▶ _Work request_:
In the entries that follow, find the line containing "(simp add: hT.rcos_module_rev)"; from there, copy every line exactly through the line containing "proof (rule inj_onI)".

(Data records)
text \<open>Write T for the saturation of the root lattice of R2. The map \<phi> x = (f x, x + T) is a
  homomorphism onto the fibre product of X1 and X2/T over A: given (a, c + T) with a - f c = f t
  for some t in T, it is \<phi> (t + c). Its kernel is ker f \<inter> T. An element t of it pairs trivially
  with every coroot of R2, since \<langle>t, \<tau>(\<alpha>)\<or>\<rangle> = \<langle>f t, \<alpha>\<or>\<rangle>, and an element of T orthogonal to all
  coroots vanishes: the reflection-invariant form B(u, v) = \<Sigma>\<gamma> \<langle>\<gamma>, u\<rangle>\<langle>\<gamma>, v\<rangle> satisfies
  2 B(\<alpha>\<or>, -) = B(\<alpha>\<or>, \<alpha>\<or>) \<langle>\<alpha>, -\<rangle>, so a positive multiple of \<langle>t, -\<rangle> is B(w, -) for some w in the
  coroot lattice; then B(w, w) = 0 forces w to be orthogonal to all roots, hence \<langle>t, -\<rangle> = 0.
  The roots of the central product are the pairs (\<alpha>, 0), and their coroots pair with \<phi> x exactly
  as \<alpha>\<or> pairs with f x, which gives the root correspondence.\<close>

lemma hom_integer_group:
  assumes G: "group G" and h: "h \<in> hom G integer_group"
  shows hom_integer_group_one: "h \<one>\<^bsub>G\<^esub> = 0"
    and hom_integer_group_mult: "x \<in> carrier G \<Longrightarrow> y \<in> carrier G \<Longrightarrow> h (x \<otimes>\<^bsub>G\<^esub> y) = h x + h y"
    and hom_integer_group_inv: "x \<in> carrier G \<Longrightarrow> h (inv\<^bsub>G\<^esub> x) = - h x"
    and hom_integer_group_int_pow: "x \<in> carrier G \<Longrightarrow> h (x [^]\<^bsub>G\<^esub> (k::int)) = k * h x"
    and hom_integer_group_nat_pow: "x \<in> carrier G \<Longrightarrow> h (x [^]\<^bsub>G\<^esub> (n::nat)) = int n * h x"
proof -
  interpret group_hom G integer_group h
    using G h by (simp add: group_hom_def group_hom_axioms_def)
  show "h \<one>\<^bsub>G\<^esub> = 0" by simp
  show "x \<in> carrier G \<Longrightarrow> y \<in> carrier G \<Longrightarrow> h (x \<otimes>\<^bsub>G\<^esub> y) = h x + h y" by simp
  show "x \<in> carrier G \<Longrightarrow> h (inv\<^bsub>G\<^esub> x) = - h x" by simp
  show "x \<in> carrier G \<Longrightarrow> h (x [^]\<^bsub>G\<^esub> (k::int)) = k * h x" by (simp add: hom_int_pow)
  show "x \<in> carrier G \<Longrightarrow> h (x [^]\<^bsub>G\<^esub> (n::nat)) = int n * h x" by (simp add: hom_nat_pow)
qed

lemma hom_restrict_codomain: "h \<in> hom G H \<Longrightarrow> h ` carrier G \<subseteq> B \<Longrightarrow> h \<in> hom G (H\<lparr>carrier := B\<rparr>)"
  by (auto simp: hom_def)

lemma (in group) rcos_SOME:
  assumes "subgroup T G" and "x \<in> carrier G"
  shows rcos_SOME_mem: "(SOME y. y \<in> T #> x) \<in> T #> x"
    and rcos_SOME_closed: "(SOME y. y \<in> T #> x) \<in> carrier G"
proof -
  show "(SOME y. y \<in> T #> x) \<in> T #> x" using rcos_self[OF assms(2,1)] by (rule someI)
  then show "(SOME y. y \<in> T #> x) \<in> carrier G"
    using r_coset_subset_G[OF subgroup.subset[OF assms(1)] assms(2)] by blast
qed

lemma (in group_hom) image_rcos_SOME:
  assumes T: "subgroup T G" and x: "x \<in> carrier G"
  shows "h ` T #>\<^bsub>H\<^esub> h (SOME y. y \<in> T #> x) = h ` T #>\<^bsub>H\<^esub> h x"
proof -
  interpret T: subgroup T G by (rule T)
  interpret hT: subgroup "h ` T" H by (rule subgroup_img_is_subgroup[OF T])
  define y where "y = (SOME y. y \<in> T #> x)"
  have y: "y \<in> carrier G" using G.rcos_SOME_closed[OF T x] by (simp add: y_def)
  have "y \<otimes> inv x \<in> T"
    using T.rcos_module_imp[OF G.is_group x] G.rcos_SOME_mem[OF T x] by (simp add: y_def)
  then have "h y \<otimes>\<^bsub>H\<^esub> inv\<^bsub>H\<^esub> h x \<in> h ` T"
    using x y by (metis hom_inv hom_mult image_eqI G.inv_closed)
  then have "h y \<in> h ` T #>\<^bsub>H\<^esub> h x" using x y by (simp add: hT.rcos_module_rev)
  then show ?thesis using x y by (simp add: H.repr_independence[OF _ _ hT.subgroup_axioms] y_def)
qed

lemma (in group_hom) paired_rcos_bij:
  assumes T: "subgroup T G" and ker: "\<And>t. t \<in> T \<Longrightarrow> h t = \<one>\<^bsub>H\<^esub> \<Longrightarrow> t = \<one>"
  shows "bij_betw (\<lambda>x. (h x, T #> x)) (carrier G)
           {(a, C). a \<in> carrier H \<and> C \<in> carrier (G Mod T) \<and> h ` T #>\<^bsub>H\<^esub> a = h ` T #>\<^bsub>H\<^esub> h (SOME y. y \<in> C)}"
    (is "bij_betw ?\<phi> _ ?B")
proof (rule bij_betw_imageI)
  interpret T: subgroup T G by (rule T)
  interpret hT: subgroup "h ` T" H by (rule subgroup_img_is_subgroup[OF T])
  show "inj_on ?\<phi> (carrier G)"
  proof (rule inj_onI)
    fix x y assume x: "x \<in> carrier G" and y: "y \<in> carrier G" and eq: "(h x, T #> x) = (h y, T #> y)"
    then have "x \<in> T #> y" using G.repr_independenceD[OF T x] by simp
    then have "x \<otimes> inv y \<in> T" using T.rcos_module_imp[OF G.is_group y] by blast
    moreover have "h (x \<otimes> inv y) = \<one>\<^bsub>H\<^esub>" using x y eq by simp
    ultimately have "x \<otimes> inv y = \<one>" by (rule ker)
    then show "x = y" using x y by (metis G.inv_closed G.inv_solve_right G.l_one G.one_closed)
  qed
  show "?\<phi> ` carrier G = ?B"
  proof (intro equalityI subsetI)
    fix b assume "b \<in> ?\<phi> ` carrier G"
    then obtain x where x: "x \<in> carrier G" and b: "b = (h x, T #> x)" by blast
    then show "b \<in> ?B"
      using image_rcos_SOME[OF T x] G.rcosetsI[OF T.subset x] by (simp add: FactGroup_def)
  next
    fix b assume "b \<in> ?B"
    then obtain a C where b: "b = (a, C)" and a: "a \<in> carrier H" and C: "C \<in> rcosets T"
      and eqC: "h ` T #>\<^bsub>H\<^esub> a = h ` T #>\<^bsub>H\<^esub> h (SOME y. y \<in> C)"
      by (auto simp: FactGroup_def)
    from C obtain c where c: "c \<in> carrier G" and Cc: "C = T #> c" unfolding RCOSETS_def by blast
    have eq: "h ` T #>\<^bsub>H\<^esub> a = h ` T #>\<^bsub>H\<^esub> h c" using eqC image_rcos_SOME[OF T c] Cc by simp
    have "a \<in> h ` T #>\<^bsub>H\<^esub> h c" using H.repr_independenceD[OF hT.subgroup_axioms a eq[symmetric]] .
    then have "a \<otimes>\<^bsub>H\<^esub> inv\<^bsub>H\<^esub> h c \<in> h ` T" using c by (intro hT.rcos_module_imp) simp_all
    then obtain t where ht: "a \<otimes>\<^bsub>H\<^esub> inv\<^bsub>H\<^esub> h c = h t" and t: "t \<in> T" by (rule imageE)
    have tc: "t \<otimes> c \<in> carrier G" using t c T.subset by blast
    have "h (t \<otimes> c) = (a \<otimes>\<^bsub>H\<^esub> inv\<^bsub>H\<^esub> h c) \<otimes>\<^bsub>H\<^esub> h c"
      using t c T.subset by (auto simp: ht)
    also have "\<dots> = a" using a c by (simp add: H.m_assoc)
    finally have "b = (h (t \<otimes> c), T #> (t \<otimes> c))"
      using b Cc G.repr_independence[OF G.rcosI[OF t T.subset c] c T] by (simp only:)
    then show "b \<in> ?\<phi> ` carrier G" using tc by (rule image_eqI)
  qed
qed

lemma span_top_subgroup:
  fixes G (structure)
  assumes G: "comm_group G" and S: "S \<subseteq> carrier G"
  shows "subgroup (span_top G S) G"
proof -
  interpret comm_group G by (rule G)
  interpret L: subgroup "generate G S" G by (rule generate_is_subgroup[OF S])
  have pow_closed: "a [^] (k::nat) \<in> generate G S" if "a \<in> generate G S" for a k
    using L.subgroup_axioms that by (metis int_pow_int subgroup_int_pow_closed)
  show ?thesis
  proof (rule subgroupI)
    show "span_top G S \<subseteq> carrier G" by (auto simp: span_top_def)
    show "span_top G S \<noteq> {}" using L.one_closed by (force simp: span_top_def)
  next
    fix a assume "a \<in> span_top G S"
    then obtain n :: nat where "n > 0" "a [^] n \<in> generate G S" "a \<in> carrier G"
      by (auto simp: span_top_def)
    then show "inv a \<in> span_top G S" by (auto simp: span_top_def nat_pow_inv)
  next
    fix a b assume "a \<in> span_top G S" "b \<in> span_top G S"
    then obtain n m :: nat where n: "n > 0" "a [^] n \<in> generate G S" "a \<in> carrier G"
      and m: "m > 0" "b [^] m \<in> generate G S" "b \<in> carrier G"
      by (auto simp: span_top_def)
    have "(a \<otimes> b) [^] (n * m) = (a [^] n) [^] m \<otimes> (b [^] m) [^] n"
      using n m by (simp add: pow_mult_distrib m_comm nat_pow_pow mult.commute)
    then have "(a \<otimes> b) [^] (n * m) \<in> generate G S"
      using pow_closed n m by simp
    then show "a \<otimes> b \<in> span_top G S"
      using n m by (auto simp: span_top_def intro!: exI[of _ "n * m"])
  qed
qed

locale root_datum =
  fixes R :: "('x, 'y) root_datum"
  assumes is_root_datum: "is_root_datum R"
begin

lemma lat_comm_group: "comm_group (lat R)"
  and colat_comm_group: "comm_group (colat R)"
  and perfect_pairing: "perfect_pairing (lat R) (colat R) (pairing R)"
  and finite_roots: "finite (roots R)"
  and roots_subset: "roots R \<subseteq> carrier (lat R)"
  and pairing_root_coroot: "\<alpha> \<in> roots R \<Longrightarrow> pairing R \<alpha> (coroot R \<alpha>) = 2"
  using is_root_datum by (simp_all add: is_root_datum_def free_lattice_def)

lemma coroots_subset: "coroots R \<subseteq> carrier (colat R)"
  using is_root_datum by (simp add: is_root_datum_def)

lemma coroot_closed: "\<alpha> \<in> roots R \<Longrightarrow> coroot R \<alpha> \<in> carrier (colat R)"
  using coroots_subset by (auto simp: coroots_def)

lemma root_closed: "\<alpha> \<in> roots R \<Longrightarrow> \<alpha> \<in> carrier (lat R)"
  using roots_subset by blast

sublocale X: comm_group "lat R" by (rule lat_comm_group)
sublocale Y: comm_group "colat R" by (rule colat_comm_group)

lemma pairing_hom_left: "y \<in> carrier (colat R) \<Longrightarrow> (\<lambda>x. pairing R x y) \<in> hom (lat R) integer_group"
  using perfect_pairing by (auto simp: perfect_pairing_def hom_def)

lemma pairing_hom_right: "x \<in> carrier (lat R) \<Longrightarrow> pairing R x \<in> hom (colat R) integer_group"
  using perfect_pairing by (auto simp: perfect_pairing_def hom_def)
locale em_setting =
  fixes Z :: "'a::euclidean_space set" and F :: "'a \<Rightarrow> 'a"
    and mu L al ga tau rho :: real and zs :: 'a
  assumes closed: "closed Z" and convex: "convex Z" and nonempty: "Z \<noteq> {}"
    and mu_pos: "0 < mu"
    and strongly_monotone: "\<forall>z\<in>Z. \<forall>z'\<in>Z. (F z - F z') \<bullet> (z - z') \<ge> mu * (norm (z - z'))\<^sup>2"
    and lipschitz: "\<forall>z\<in>Z. \<forall>z'\<in>Z. norm (F z - F z') \<le> L * norm (z - z')"
    and zs_in: "zs \<in> Z" and zs_solution: "\<forall>z\<in>Z. F zs \<bullet> (z - zs) \<ge> 0"
    and tau_pos: "0 < tau" and rho_gt_1: "1 < rho" and al_eq: "al = rho * tau" and ga_nonneg: "0 \<le> ga"
    and momentum_cond: "rho \<le> 1 + al * mu - ga"
    and step_size_cond: "8 * tau\<^sup>2 * L\<^sup>2 + 2 * ga \<le> 1 / rho"
begin

definition step :: "'a \<Rightarrow> 'a \<Rightarrow> 'a \<Rightarrow> 'a \<Rightarrow> 'a" where
  "step z zm g gm = closest_point Z (z - al *\<^sub>R g + ga *\<^sub>R (z - zm) - tau *\<^sub>R (g - gm))"

text \<open>In \<open>potential zn z g\<close>, \<open>zn\<close> is the new iterate, \<open>z\<close> the one before and \<open>g\<close> the
  stochastic estimate of \<open>F z\<close> used to compute \<open>zn\<close>.\<close>

definition potential :: "'a \<Rightarrow> 'a \<Rightarrow> 'a \<Rightarrow> real" where
  "potential zn z g = (norm (zn - zs))\<^sup>2 - 2 * tau * ((F zn - g) \<bullet> (zn - zs)) + (norm (zn - z))\<^sup>2 / (2 * rho)"

definition lyapunov :: "'a \<Rightarrow> 'a \<Rightarrow> 'a \<Rightarrow> real" where
  "lyapunov zn z g = potential zn z g + tau * mu * (norm (zn - zs))\<^sup>2 + 4 * tau\<^sup>2 * (norm (g - F z))\<^sup>2"

lemma step_in: "step z zm g gm \<in> Z"
  unfolding step_def by (rule closest_point_in_set[OF closed nonempty])

lemma F_inner_ge: "z \<in> Z \<Longrightarrow> F z \<bullet> (z - zs) \<ge> mu * (norm (z - zs))\<^sup>2"
  using strongly_monotone zs_in zs_solution by (fastforce simp: inner_diff_left)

▶ _Result of the task_:
  then have "h y \<in> h ` T #>\<^bsub>H\<^esub> h x" using x y by (simp add: hT.rcos_module_rev)
  then show ?thesis using x y by (simp add: H.repr_independence[OF _ _ hT.subgroup_axioms] y_def)
qed

lemma (in group_hom) paired_rcos_bij:
  assumes T: "subgroup T G" and ker: "\<And>t. t \<in> T \<Longrightarrow> h t = \<one>\<^bsub>H\<^esub> \<Longrightarrow> t = \<one>"
  shows "bij_betw (\<lambda>x. (h x, T #> x)) (carrier G)
           {(a, C). a \<in> carrier H \<and> C \<in> carrier (G Mod T) \<and> h ` T #>\<^bsub>H\<^esub> a = h ` T #>\<^bsub>H\<^esub> h (SOME y. y \<in> C)}"
    (is "bij_betw ?\<phi> _ ?B")
proof (rule bij_betw_imageI)
  interpret T: subgroup T G by (rule T)
  interpret hT: subgroup "h ` T" H by (rule subgroup_img_is_subgroup[OF T])
  show "inj_on ?\<phi> (carrier G)"
  proof (rule inj_onI)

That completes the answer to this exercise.